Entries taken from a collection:
lemma zsmul_add_left: "zsmul (k + l) x = zsmul k x + zsmul l x"
proof (induction l rule: int_induct[where k = 0])
  case (step1 i)
  then show ?case
    using zsmul_plus_1[of "k + i" x] zsmul_plus_1[of i x] by (simp add: add.assoc)
next
  case (step2 i)
  have "zsmul (k + (i - 1)) x = zsmul (k + i) x - x"
    using zsmul_minus_1[of "k + i" x] by (simp add: add_diff_eq)
  then show ?case
    using step2 zsmul_minus_1[of i x] by simp
qed simp

lemma zsmul_diff_left: "zsmul (k - l) x = zsmul k x - zsmul l x"
  using zsmul_add_left[of "k - l" l x] by (simp add: eq_diff_eq)

lemma zsmul_add_right: "zsmul k (x + y) = zsmul k x + zsmul k y"
  by (simp add: zsmul_def sum.distrib algebra_simps)

lemma zsmul_sum: "zsmul k (\<Sum>i\<in>A. f i) = (\<Sum>i\<in>A. zsmul k (f i))"
  by (induction A rule: infinite_finite_induct) (auto simp: zsmul_add_right)

lemma zsmul_mult: "zsmul (k * l) x = zsmul k (zsmul l x)"
proof (induction k rule: int_induct[where k = 0])
  case (step1 i)
  then show ?case
    by (simp add: distrib_right zsmul_add_left zsmul_plus_1)
next
  case (step2 i)
  then show ?case
    by (simp add: left_diff_distrib zsmul_diff_left)
qed simp

lemma zsmul_mult_right: "zsmul k (a * x) = a * zsmul k (x :: 'a::ring)"
  by (simp add: zsmul_def sum_distrib_left)

lemma ppow_Suc: "i \<ge> 1 \<Longrightarrow> ppow a (Suc i) = a * ppow a i"
  by (cases i) auto

lemma peval_eq_sum_atLeastAtMost:
  assumes "degree g \<le> N"
  shows "peval g a = (\<Sum>i=1..N. zsmul (coeff g i) (ppow a i))"
  unfolding peval_def
  by (rule sum.mono_neutral_left) (use assms in \<open>auto simp: coeff_eq_0\<close>)

lemma peval_0 [simp]: "peval 0 a = 0"
  by (simp add: peval_def)

lemma peval_add: "peval (g + h) a = peval g a + peval h a"
proof -
  let ?N = "max (degree g) (degree h)"
  have "degree (g + h) \<le> ?N"
    by (rule degree_add_le_max)
  then show ?thesis
    by (simp add: peval_eq_sum_atLeastAtMost[of _ ?N] zsmul_add_left sum.distrib)
qed

lemma peval_sum: "peval (\<Sum>i\<in>A. g i) a = (\<Sum>i\<in>A. peval (g i) a)"
  by (induction A rule: infinite_finite_induct) (auto simp: peval_add)

lemma peval_smult: "peval (smult c g) a = zsmul c (peval g a)"
  by (simp add: peval_eq_sum_atLeastAtMost[of _ "degree g"] degree_smult_le zsmul_mult zsmul_sum)

lemma peval_monom:
  assumes "k \<ge> 1"
  shows "peval (monom c k) a = zsmul c (ppow a k)"
proof -
  have "peval (monom c k) a = (\<Sum>i=1..k. zsmul (coeff (monom c k) i) (ppow a i))"
    by (rule peval_eq_sum_atLeastAtMost[OF degree_monom_le])
  also have "\<dots> = (\<Sum>i=1..k. if i = k then zsmul c (ppow a i) else 0)"
    by (rule sum.cong) (auto simp: coeff_monom)
  finally show ?thesis
    using assms by simp
qed

lemma peval_pCons_0:
  assumes "coeff g 0 = 0"
  shows "peval (pCons 0 g) a = a * peval g a"
proof -
  let ?N = "degree g"
  have "peval (pCons 0 g) a = (\<Sum>i=Suc 0..Suc ?N. zsmul (coeff (pCons 0 g) i) (ppow a i))"
    using peval_eq_sum_atLeastAtMost[of "pCons 0 g" "Suc ?N" a] by (simp add: degree_pCons_le)
  also have "\<dots> = (\<Sum>i=0..?N. zsmul (coeff g i) (ppow a (Suc i)))"
    by (subst sum.shift_bounds_cl_Suc_ivl) simp
  also have "\<dots> = (\<Sum>i=1..?N. zsmul (coeff g i) (ppow a (Suc i)))"
    using assms by (simp add: sum.atLeast_Suc_atMost[of 0])
  also have "\<dots> = (\<Sum>i=1..?N. a * zsmul (coeff g i) (ppow a i))"
    by (rule sum.cong) (auto simp: ppow_Suc zsmul_mult_right)
  also have "\<dots> = a * peval g a"
    by (simp add: peval_def sum_distrib_left)
  finally show ?thesis .
qed
(* Let $q=p^e$ with $p$ prime and $e\ge 1$, and fix an integer $s$ with $0\le s<e$. Let $C_1$ and $C_2$ be linear codes over $\mathbb{F}_q$ with parameters $[n,k_1,d_1]_q$ and $[n,k_2,d_2]_q$ respectively, such that $C_2^{\perp_s}\subseteq C_1$. Then there exists a quantum code with parameters $[[n,k_1+k_2-n,d]]_q$, where $$d=\min\{w_H(c)\mid c\in (C_1\setminus (C_2^{p^{e-s}})^{\perp})\cup (C_2^{p^{e-s}}\setminus C_1^{\perp})\}\ \ge\ \min\{d_1,d_2\},$$ and this code is pure to $\min\{d_1,d_2\}$.
   Context: For $\mathbf{x},\mathbf{y}\in\mathbb{F}_q^n$ the $s$-Galois form is $[\mathbf{x},\mathbf{y}]_s=\sum_{i=1}^n x_iy_i^{p^s}$. For a code $C\subseteq\mathbb{F}_q^n$, its $s$-Galois dual is $C^{\perp_s}=\{\mathbf{x}\in\mathbb{F}_q^n: [\mathbf{c},\mathbf{x}]_s=0\ \forall \mathbf{c}\in C\}$; $C^{\perp}=C^{\perp_0}$ is the Euclidean dual. For a vector $\mathbf{a}=(a_1,\dots,a_n)$, $\mathbf{a}^{p^{e-s}}=(a_1^{p^{e-s}},\dots,a_n^{p^{e-s}})$, and $C^{p^{e-s}}=\{\mathbf{a}^{p^{e-s}}:\mathbf{a}\in C\}$. $w_H$ denotes Hamming weight. Quantum codes: let $V_n=(\mathbb{C}^q)^{\otimes n}$ with orthonormal basis $\{|\mathbf{c}\rangle:\mathbf{c}\in\mathbb{F}_q^n\}$. For $a,b\in\mathbb{F}_q$ define $X(a)|x\rangle=|x+a\rangle$, $Z(b)|x\rangle=\omega^{\mathrm{tr}(bx)}|x\rangle$ with $\omega=e^{2\pi i/p}$ and $\mathrm{tr}:\mathbb{F}_q\to\mathbb{F}_p$ the trace; for $\mathbf{a},\mathbf{b}\in\mathbb{F}_q^n$ let $X(\mathbf{a})=\bigotimes_i X(a_i)$, $Z(\mathbf{b})=\bigotimes_i Z(b_i)$. The error group is $G_n=\{\omega^cX(\mathbf{a})Z(\mathbf{b}):\mathbf{a},\mathbf{b}\in\mathbb{F}_q^n, c\in\mathbb{F}_p\}$, and the weight of $\omega^cX(\mathbf{a})Z(\mathbf{b})$ is the number of $i$ with $(a_i,b_i)\ne(0,0)$. A quantum code with parameters $[[n,k,d]]_q$ is a subspace $Q\subseteq V_n$ of dimension $q^k$ with minimum distance $d$, i.e. for all $|u\rangle,|v\rangle\in Q$ with $\langle u|v\rangle=0$ and every $E\in G_n$ of weight at most $d-1$, $\langle u|E|v\rangle=0$ (and, if $k=0$, as is standard, $d$ is defined via purity: $\langle u|E|u\rangle=\langle u|u\rangle\cdot$const fails only for weight $\ge d$). $Q$ is pure to $t$ if $\langle u|E|v\rangle=0$ for all $|u\rangle,|v\rangle\in Q$ and all $E\in G_n$ of weight between $1$ and $t-1$. *)

theory Defs
  imports Complex_Main "HOL-Computational_Algebra.Primes"
begin

definition lcomb :: "('x \<Rightarrow> 'k::field) set \<Rightarrow> (('x \<Rightarrow> 'k) \<Rightarrow> 'k) \<Rightarrow> ('x \<Rightarrow> 'k)" where
  "lcomb B c = (\<lambda>x. \<Sum>b\<in>B. c b * b x)"

definition has_dim :: "('x \<Rightarrow> 'k::field) set \<Rightarrow> nat \<Rightarrow> bool" where
  "has_dim V m \<longleftrightarrow> (\<exists>B. finite B \<and> card B = m \<and> B \<subseteq> V \<and>
      (\<forall>c. lcomb B c = (\<lambda>_. 0) \<longrightarrow> (\<forall>b\<in>B. c b = 0)) \<and>
      V = {lcomb B c | c. True})"

definition hamming_wt :: "('n::finite \<Rightarrow> 'a::zero) \<Rightarrow> nat" where
  "hamming_wt x = card {i. x i \<noteq> 0}"

text \<open>Linear [n,k,d] code (n = CARD('n)): k-dimensional subspace whose
minimum distance (minimum weight of a nonzero codeword) is d.\<close>
definition lin_code :: "('n::finite \<Rightarrow> 'a::field) set \<Rightarrow> nat \<Rightarrow> nat \<Rightarrow> bool" where
  "lin_code C k d \<longleftrightarrow> has_dim C k \<and>
     (\<exists>c\<in>C. c \<noteq> (\<lambda>_. 0) \<and> hamming_wt c = d) \<and> (\<forall>c\<in>C. c \<noteq> (\<lambda>_. 0) \<longrightarrow> d \<le> hamming_wt c)"

definition galois_form :: "nat \<Rightarrow> nat \<Rightarrow> ('n::finite \<Rightarrow> 'a::field) \<Rightarrow> ('n \<Rightarrow> 'a) \<Rightarrow> 'a" where
  "galois_form p s x y = (\<Sum>i\<in>UNIV. x i * y i ^ (p ^ s))"

definition galois_dual :: "nat \<Rightarrow> nat \<Rightarrow> ('n::finite \<Rightarrow> 'a::field) set \<Rightarrow> ('n \<Rightarrow> 'a) set" where
  "galois_dual p s C = {x. \<forall>c\<in>C. galois_form p s c x = 0}"

definition euclid_dual :: "('n::finite \<Rightarrow> 'a::field) set \<Rightarrow> ('n \<Rightarrow> 'a) set" where
  "euclid_dual C = {x. \<forall>c\<in>C. (\<Sum>i\<in>UNIV. c i * x i) = 0}"

definition code_pow :: "('n \<Rightarrow> 'a::field) set \<Rightarrow> nat \<Rightarrow> ('n \<Rightarrow> 'a) set" where
  "code_pow C m = (\<lambda>c. \<lambda>i. c i ^ m) ` C"

definition trace :: "nat \<Rightarrow> nat \<Rightarrow> 'a::field \<Rightarrow> 'a" where
  "trace p e x = (\<Sum>i<e. x ^ (p ^ i))"

text \<open>omega^(tr z) with omega = exp(2 pi i / p); tr z lies in the prime field,
identified with {0..<p}.\<close>
definition chi :: "nat \<Rightarrow> nat \<Rightarrow> 'a::field \<Rightarrow> complex" where
  "chi p e z = exp (2 * of_real pi * \<i> *
      of_nat (THE k. k < p \<and> of_nat k = trace p e z) / of_nat p)"

text \<open>States of V_n = (C^q)^{tensor n}: functions on the basis F_q^n.\<close>
definition qinner :: "(('n::finite \<Rightarrow> 'a::{field,finite}) \<Rightarrow> complex) \<Rightarrow> (('n \<Rightarrow> 'a) \<Rightarrow> complex) \<Rightarrow> complex" where
  "qinner u v = (\<Sum>x\<in>UNIV. cnj (u x) * v x)"

text \<open>The error omega^c X(a) Z(b) applied to a state v:
  X(a) Z(b) |x> = omega^(tr(b.x)) |x + a>.\<close>
definition err_apply :: "nat \<Rightarrow> nat \<Rightarrow> nat \<Rightarrow> ('n::finite \<Rightarrow> 'a::{field,finite}) \<Rightarrow> ('n \<Rightarrow> 'a)
     \<Rightarrow> (('n \<Rightarrow> 'a) \<Rightarrow> complex) \<Rightarrow> (('n \<Rightarrow> 'a) \<Rightarrow> complex)" where
  "err_apply p e c a b v = (\<lambda>y. exp (2 * of_real pi * \<i> * of_nat c / of_nat p) *
       (\<Prod>i\<in>UNIV. chi p e (b i * (y i - a i))) * v (\<lambda>i. y i - a i))"

definition err_wt :: "('n::finite \<Rightarrow> 'a::zero) \<Rightarrow> ('n \<Rightarrow> 'a) \<Rightarrow> nat" where
  "err_wt a b = card {i. a i \<noteq> 0 \<or> b i \<noteq> 0}"

text \<open>Q has minimum distance d: every error of weight at most d-1 satisfies
<u|E|v> = 0 for orthogonal u,v in Q; for k = 0 (dim Q = 1) purity is used.\<close>
definition qmin_dist :: "nat \<Rightarrow> nat \<Rightarrow> (('n::finite \<Rightarrow> 'a::{field,finite}) \<Rightarrow> complex) set \<Rightarrow> nat \<Rightarrow> bool" where
  "qmin_dist p e Q d \<longleftrightarrow>
     (\<forall>u\<in>Q. \<forall>v\<in>Q. qinner u v = 0 \<longrightarrow>
        (\<forall>c a b. c < p \<longrightarrow> err_wt a b < d \<longrightarrow> qinner u (err_apply p e c a b v) = 0)) \<and>
     (has_dim Q 1 \<longrightarrow> (\<forall>u\<in>Q. \<forall>c a b. c < p \<longrightarrow> 1 \<le> err_wt a b \<longrightarrow> err_wt a b < d \<longrightarrow>
        qinner u (err_apply p e c a b u) = 0))"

## What the exercise asks
Out of the preceding entries, pull each line that contains the word "have".

## Output below
  have "zsmul (k + (i - 1)) x = zsmul (k + i) x - x"
  have "degree (g + h) \<le> ?N"
  have "peval (monom c k) a = (\<Sum>i=1..k. zsmul (coeff (monom c k) i) (ppow a i))"
  also have "\<dots> = (\<Sum>i=1..k. if i = k then zsmul c (ppow a i) else 0)"
  have "peval (pCons 0 g) a = (\<Sum>i=Suc 0..Suc ?N. zsmul (coeff (pCons 0 g) i) (ppow a i))"
  also have "\<dots> = (\<Sum>i=0..?N. zsmul (coeff g i) (ppow a (Suc i)))"
  also have "\<dots> = (\<Sum>i=1..?N. zsmul (coeff g i) (ppow a (Suc i)))"
  also have "\<dots> = (\<Sum>i=1..?N. a * zsmul (coeff g i) (ppow a i))"
  also have "\<dots> = a * peval g a"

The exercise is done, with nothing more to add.